Ballot drive targets Michigan law that underpins virus rules
LANSING, Mich. (AP) — A conservative group said Monday it will launch a ballot drive to require legislative approval to extend emergency pandemic orders beyond 28 days — the latest bid to neuter the power of Gov. Gretchen Whitmer’s administration to issue coronavirus restrictions.
The initiative will be organized by Unlock Michigan. Last year, the Republican-affiliated ballot committee successfully gathered voter signatures to repeal a 75-year-old law — later declared unconstitutional — that underpinned the Democratic governor’s rules. After the ruling, her administration kept many limits intact, and eased and tightened them under a 1978 law that gives the state health director broad authority to issue epidemic orders.
The new measure would revise the law — whose origins date to the 1918 flu pandemic — to make such orders unenforceable after 28 days unless the Legislature OKs an extension. Local health officers who impose restrictions would need the blessing of their governing body to go longer than 28 days.
“Neither this governor, nor any future governor, will be allowed to rule by decree in the future,” Unlock Michigan spokesman Fred Wszolek said.
The group on Tuesday will submit the form of its petition to the state elections bureau for review. If it collects roughly 340,000 valid voter signatures, the GOP-led Legislature could pass the initiative instead of letting it go to a public vote. Whitmer could not veto it. She twice has vetoed regular bills that would have added the 28-day provision.

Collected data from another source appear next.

lemma hasse_dist_weak_order:
  assumes "0 < M" "x \<in> P" "y \<in> P"
  shows "hasse_dist P le x y = weak_order_dist lev x y"
  unfolding hasse_dist_Least_walk
proof (rule Least_equality)
  show "hasse_walk P le (weak_order_dist lev x y) x y"
    using hasse_walk_weak_order_dist assms .
next
  fix k assume walk: "hasse_walk P le k x y"
  show "weak_order_dist lev x y \<le> k"
  proof (cases "x \<noteq> y \<and> lev x = lev y")
    case True
    have "k \<noteq> 0"
    proof
      assume "k = 0"
      with walk True show False by simp
    qed
    moreover have "k \<noteq> Suc 0"
      using walk True by (auto simp: hasse_adj_weak_order)
    ultimately show ?thesis using True by (simp add: weak_order_dist_def)
  next
    case False
    with hasse_walk_level_bound[OF walk] show ?thesis
      by (auto simp: weak_order_dist_def)
  qed
qed

end

lemma sum_abs_diff_below:
  "M \<le> x \<Longrightarrow> 2 * (\<Sum>i\<le>M. \<bar>int i - int x\<bar>) = (int M + 1) * (2 * int x - int M)"
  by (induction M) (simp_all add: algebra_simps)

lemma sum_abs_diff_atMost_add:
  "2 * (\<Sum>i\<le>a + b. \<bar>int i - int a\<bar>) = int a * (int a + 1) + int b * (int b + 1)"
proof (induction b)
  case 0
  then show ?case using sum_abs_diff_below[of a a] by (simp add: algebra_simps)
next
  case (Suc b)
  then show ?case by (simp add: algebra_simps)
qed

lemma sum_abs_diff_centre: "(\<Sum>i\<le>2 * c. \<bar>int i - int c\<bar>) = int c * (int c + 1)"
  unfolding mult_2 using sum_abs_diff_atMost_add[of c c] by simp

lemma sum_sum_abs_diff:
  "3 * (\<Sum>i\<le>M. \<Sum>j\<le>M. \<bar>int i - int j\<bar>) = int M * (int M + 1) * (int M + 2)"
proof (induction M)
  case (Suc M)
  have "(\<Sum>j\<le>M. \<bar>int (Suc M) - int j\<bar>) = (\<Sum>i\<le>M. \<bar>int i - int (Suc M)\<bar>)"
    by (simp add: abs_minus_commute)
  then have "(\<Sum>i\<le>Suc M. \<Sum>j\<le>Suc M. \<bar>int i - int j\<bar>) =
      (\<Sum>i\<le>M. \<Sum>j\<le>M. \<bar>int i - int j\<bar>) + 2 * (\<Sum>i\<le>M. \<bar>int i - int (Suc M)\<bar>)"
    by (simp add: sum.distrib)
  with Suc.IH sum_abs_diff_below[of M "Suc M"] show ?case
    by (simp add: algebra_simps)
qed simp

lemma sum_weak_order_dist_chain_twin:
  fixes lev :: "'a \<Rightarrow> nat" and s :: "nat \<Rightarrow> 'a"
  assumes s: "\<And>k. k \<le> M \<Longrightarrow> lev (s k) = k"
    and t: "t \<notin> s ` {..M}" "lev t = c" "c \<le> M"
  shows "int (\<Sum>x\<in>insert t (s ` {..M}). \<Sum>y\<in>insert t (s ` {..M}). weak_order_dist lev x y)
       = (\<Sum>i\<le>M. \<Sum>j\<le>M. \<bar>int i - int j\<bar>) + 2 * (\<Sum>i\<le>M. \<bar>int i - int c\<bar>) + 4"
proof -
  define d where "d x y = int (weak_order_dist lev x y)" for x y
  have inj: "inj_on s {..M}"
    by (rule inj_on_inverseI[of _ lev]) (simp add: s)
  have reindex: "(\<Sum>x\<in>s ` {..M}. g x) = (\<Sum>k\<le>M. g (s k))" for g :: "'a \<Rightarrow> int"
    using sum.reindex[OF inj] by simp
  have fin: "finite (s ` {..M})" by simp
  have d_chain: "d (s i) (s j) = \<bar>int i - int j\<bar>" if "i \<le> M" "j \<le> M" for i j
    using that s by (cases "i = j") (auto simp: d_def weak_order_dist_def)
  have d_twin: "d t (s j) = \<bar>int j - int c\<bar> + (if j = c then 2 else 0)" if "j \<le> M" for j
    using that s t by (auto simp: d_def weak_order_dist_def)
  have d_twin': "d (s j) t = d t (s j)" for j
    by (simp add: d_def weak_order_dist_commute)
  have twin_row: "(\<Sum>j\<le>M. d t (s j)) = (\<Sum>j\<le>M. \<bar>int j - int c\<bar>) + 2"
    using t(3) by (simp add: d_twin sum.distrib)
  have "int (\<Sum>x\<in>insert t (s ` {..M}). \<Sum>y\<in>insert t (s ` {..M}). weak_order_dist lev x y)
      = (\<Sum>x\<in>insert t (s ` {..M}). \<Sum>y\<in>insert t (s ` {..M}). d x y)"
    by (simp add: d_def)
  also have "\<dots> = d t t + (\<Sum>j\<le>M. d t (s j))
      + (\<Sum>i\<le>M. d (s i) t + (\<Sum>j\<le>M. d (s i) (s j)))"
    using t(1) by (simp add: sum.insert[OF fin] reindex)
  also have "\<dots> = 2 * (\<Sum>j\<le>M. d t (s j)) + (\<Sum>i\<le>M. \<Sum>j\<le>M. \<bar>int i - int j\<bar>)"
  proof -
    have "d t t = 0" by (simp add: d_def weak_order_dist_def)
    moreover have "(\<Sum>i\<le>M. \<Sum>j\<le>M. d (s i) (s j)) = (\<Sum>i\<le>M. \<Sum>j\<le>M. \<bar>int i - int j\<bar>)"
      by (intro sum.cong refl) (simp add: d_chain)
    ultimately show ?thesis by (simp add: d_twin' sum.distrib)
  qed
  finally show ?thesis
    by (simp add: twin_row)
qed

GOP legislators are expected to soon wipe from the books the invalidated gubernatorial emergency powers law that was the backbone of her orders for seven months, after the Supreme Court unanimously ordered the state elections board to certify that initiative. Whitmer has said COVID-19 restrictions are needed to slow the spread and have likely saved thousands of lives.
“This bill would create a 28-day limit on epidemic orders. Unfortunately, epidemics are not limited to 28 days,” she wrote in a veto letter in March. “We should not so limit our ability to respond to them.”
Michigan’s outdoor gathering caps ended June 1 amid vaccinations and much lower infection rates. Indoor capacity limits will go away July 1, as will most mask requirements.
The seven-day average of new infections was 244 on Monday, the lowest rate in nearly a year. COVID-19 hospitalizations were last this low in September.